─── PROVIDED RECORDS ───
lemma proper_edges_swap:
  assumes "Upair a b \<in># E" and "Upair c d \<in># E - {#Upair a b#}"
  shows "proper_edges (swap E a b c d) + of_bool (a \<noteq> b) + of_bool (c \<noteq> d)
       = proper_edges E + of_bool (a \<noteq> c) + of_bool (b \<noteq> d)"
proof -
  obtain R where "E = add_mset (Upair a b) (add_mset (Upair c d) R)"
    using assms by (rule two_edgesE)
  then show ?thesis
    by (simp add: swap_add_mset proper_edges_def)
qed

lemma swap_step_swap:
  assumes G: "multiloop_graph V E" "\<forall>u\<in>V. deg E u = k u"
    and "Upair a b \<in># E" and "Upair c d \<in># E - {#Upair a b#}"
    and new_ac: "a = c \<or> Upair a c \<notin># E" and new_bd: "b = d \<or> Upair b d \<notin># E"
    and distinct: "a = c \<or> b = d \<or> Upair a c \<noteq> Upair b d"
  shows "swap_step V k E (swap E a b c d)"
proof -
  obtain R where E: "E = add_mset (Upair a b) (add_mset (Upair c d) R)"
    using assms(3,4) by (rule two_edgesE)
  let ?E' = "add_mset (Upair a c) (add_mset (Upair b d) R)"
  have "double_edge_swap E ?E'"
    unfolding double_edge_swap_def E by (intro exI[of _ a] exI[of _ b] exI[of _ c] exI[of _ d]) simp
  moreover have "graph_on V ?E'"
    using G(1) by (auto simp: E multiloop_graph_def graph_on_def)
  moreover have "count ?E' (Upair u v) \<le> 1" if "u \<noteq> v" for u v
  proof (cases "Upair u v = Upair a c \<or> Upair u v = Upair b d")
    case True
    have "a = c \<or> Upair a c \<notin># R" "b = d \<or> Upair b d \<notin># R"
      using new_ac new_bd by (auto simp: E)
    with True that distinct show ?thesis
      by (elim disjE; simp only:; auto simp: not_in_iff)
  next
    case False
    then have "count ?E' (Upair u v) = count R (Upair u v)"
      by auto
    also have "\<dots> \<le> count E (Upair u v)"
      by (simp add: E)
    finally show ?thesis
      using G(1) that by (fastforce simp: multiloop_graph_def)
  qed
  moreover have "deg ?E' u = deg E u" for u
    by (simp add: E)
  moreover have "swap E a b c d = ?E'"
    by (simp add: E swap_add_mset)
  ultimately show ?thesis
    using G(2) by (simp add: swap_step_def multiloop_graph_def)
qed

lemma not_in_swap: "e \<notin># E \<Longrightarrow> e \<noteq> Upair a c \<Longrightarrow> e \<noteq> Upair b d \<Longrightarrow> e \<notin># swap E a b c d"
  by (auto simp: in_swap_iff not_in_iff)

lemma swap_stepD:
  assumes "swap_step V k E E'"
  shows "multiloop_graph V E'" and "\<forall>u\<in>V. deg E' u = k u"
  using assms by (simp_all add: swap_step_def)

lemma reduce_induced_path:
  assumes G: "multiloop_graph V E" "\<forall>u\<in>V. deg E u = k u"
    and ab: "adjacent E a b" and ac: "adjacent E a c" and "b \<noteq> c" and "\<not> adjacent E b c"
  shows "\<exists>E'. (swap_step V k)\<^sup>+\<^sup>+ E E' \<and> proper_edges E' < proper_edges E"
proof -
  have edges: "Upair a b \<in># E" "Upair a c \<in># E - {#Upair a b#}"
    using ab ac \<open>b \<noteq> c\<close> by (auto simp: adjacent_def in_diff_count)
  have "Upair b c \<notin># E"
    using assms(5,6) by (simp add: adjacent_def)
  then have "swap_step V k E (swap E a b a c)"
    using swap_step_swap[OF G edges] by simp
  moreover have "proper_edges (swap E a b a c) < proper_edges E"
    using proper_edges_swap[OF edges] ab ac assms(5) by (simp add: adjacent_def)
  ultimately show ?thesis
    by blast
qed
───
YOUR INSTRUCTIONS:
Using the listing above, print every entry verbatim.

WORKED SOLUTION:
lemma proper_edges_swap:
  assumes "Upair a b \<in># E" and "Upair c d \<in># E - {#Upair a b#}"
  shows "proper_edges (swap E a b c d) + of_bool (a \<noteq> b) + of_bool (c \<noteq> d)
       = proper_edges E + of_bool (a \<noteq> c) + of_bool (b \<noteq> d)"
proof -
  obtain R where "E = add_mset (Upair a b) (add_mset (Upair c d) R)"
    using assms by (rule two_edgesE)
  then show ?thesis
    by (simp add: swap_add_mset proper_edges_def)
qed

lemma swap_step_swap:
  assumes G: "multiloop_graph V E" "\<forall>u\<in>V. deg E u = k u"
    and "Upair a b \<in># E" and "Upair c d \<in># E - {#Upair a b#}"
    and new_ac: "a = c \<or> Upair a c \<notin># E" and new_bd: "b = d \<or> Upair b d \<notin># E"
    and distinct: "a = c \<or> b = d \<or> Upair a c \<noteq> Upair b d"
  shows "swap_step V k E (swap E a b c d)"
proof -
  obtain R where E: "E = add_mset (Upair a b) (add_mset (Upair c d) R)"
    using assms(3,4) by (rule two_edgesE)
  let ?E' = "add_mset (Upair a c) (add_mset (Upair b d) R)"
  have "double_edge_swap E ?E'"
    unfolding double_edge_swap_def E by (intro exI[of _ a] exI[of _ b] exI[of _ c] exI[of _ d]) simp
  moreover have "graph_on V ?E'"
    using G(1) by (auto simp: E multiloop_graph_def graph_on_def)
  moreover have "count ?E' (Upair u v) \<le> 1" if "u \<noteq> v" for u v
  proof (cases "Upair u v = Upair a c \<or> Upair u v = Upair b d")
    case True
    have "a = c \<or> Upair a c \<notin># R" "b = d \<or> Upair b d \<notin># R"
      using new_ac new_bd by (auto simp: E)
    with True that distinct show ?thesis
      by (elim disjE; simp only:; auto simp: not_in_iff)
  next
    case False
    then have "count ?E' (Upair u v) = count R (Upair u v)"
      by auto
    also have "\<dots> \<le> count E (Upair u v)"
      by (simp add: E)
    finally show ?thesis
      using G(1) that by (fastforce simp: multiloop_graph_def)
  qed
  moreover have "deg ?E' u = deg E u" for u
    by (simp add: E)
  moreover have "swap E a b c d = ?E'"
    by (simp add: E swap_add_mset)
  ultimately show ?thesis
    using G(2) by (simp add: swap_step_def multiloop_graph_def)
qed

lemma not_in_swap: "e \<notin># E \<Longrightarrow> e \<noteq> Upair a c \<Longrightarrow> e \<noteq> Upair b d \<Longrightarrow> e \<notin># swap E a b c d"
  by (auto simp: in_swap_iff not_in_iff)

lemma swap_stepD:
  assumes "swap_step V k E E'"
  shows "multiloop_graph V E'" and "\<forall>u\<in>V. deg E' u = k u"
  using assms by (simp_all add: swap_step_def)

lemma reduce_induced_path:
  assumes G: "multiloop_graph V E" "\<forall>u\<in>V. deg E u = k u"
    and ab: "adjacent E a b" and ac: "adjacent E a c" and "b \<noteq> c" and "\<not> adjacent E b c"
  shows "\<exists>E'. (swap_step V k)\<^sup>+\<^sup>+ E E' \<and> proper_edges E' < proper_edges E"
proof -
  have edges: "Upair a b \<in># E" "Upair a c \<in># E - {#Upair a b#}"
    using ab ac \<open>b \<noteq> c\<close> by (auto simp: adjacent_def in_diff_count)
  have "Upair b c \<notin># E"
    using assms(5,6) by (simp add: adjacent_def)
  then have "swap_step V k E (swap E a b a c)"
    using swap_step_swap[OF G edges] by simp
  moreover have "proper_edges (swap E a b a c) < proper_edges E"
    using proper_edges_swap[OF edges] ab ac assms(5) by (simp add: adjacent_def)
  ultimately show ?thesis
    by blast
qed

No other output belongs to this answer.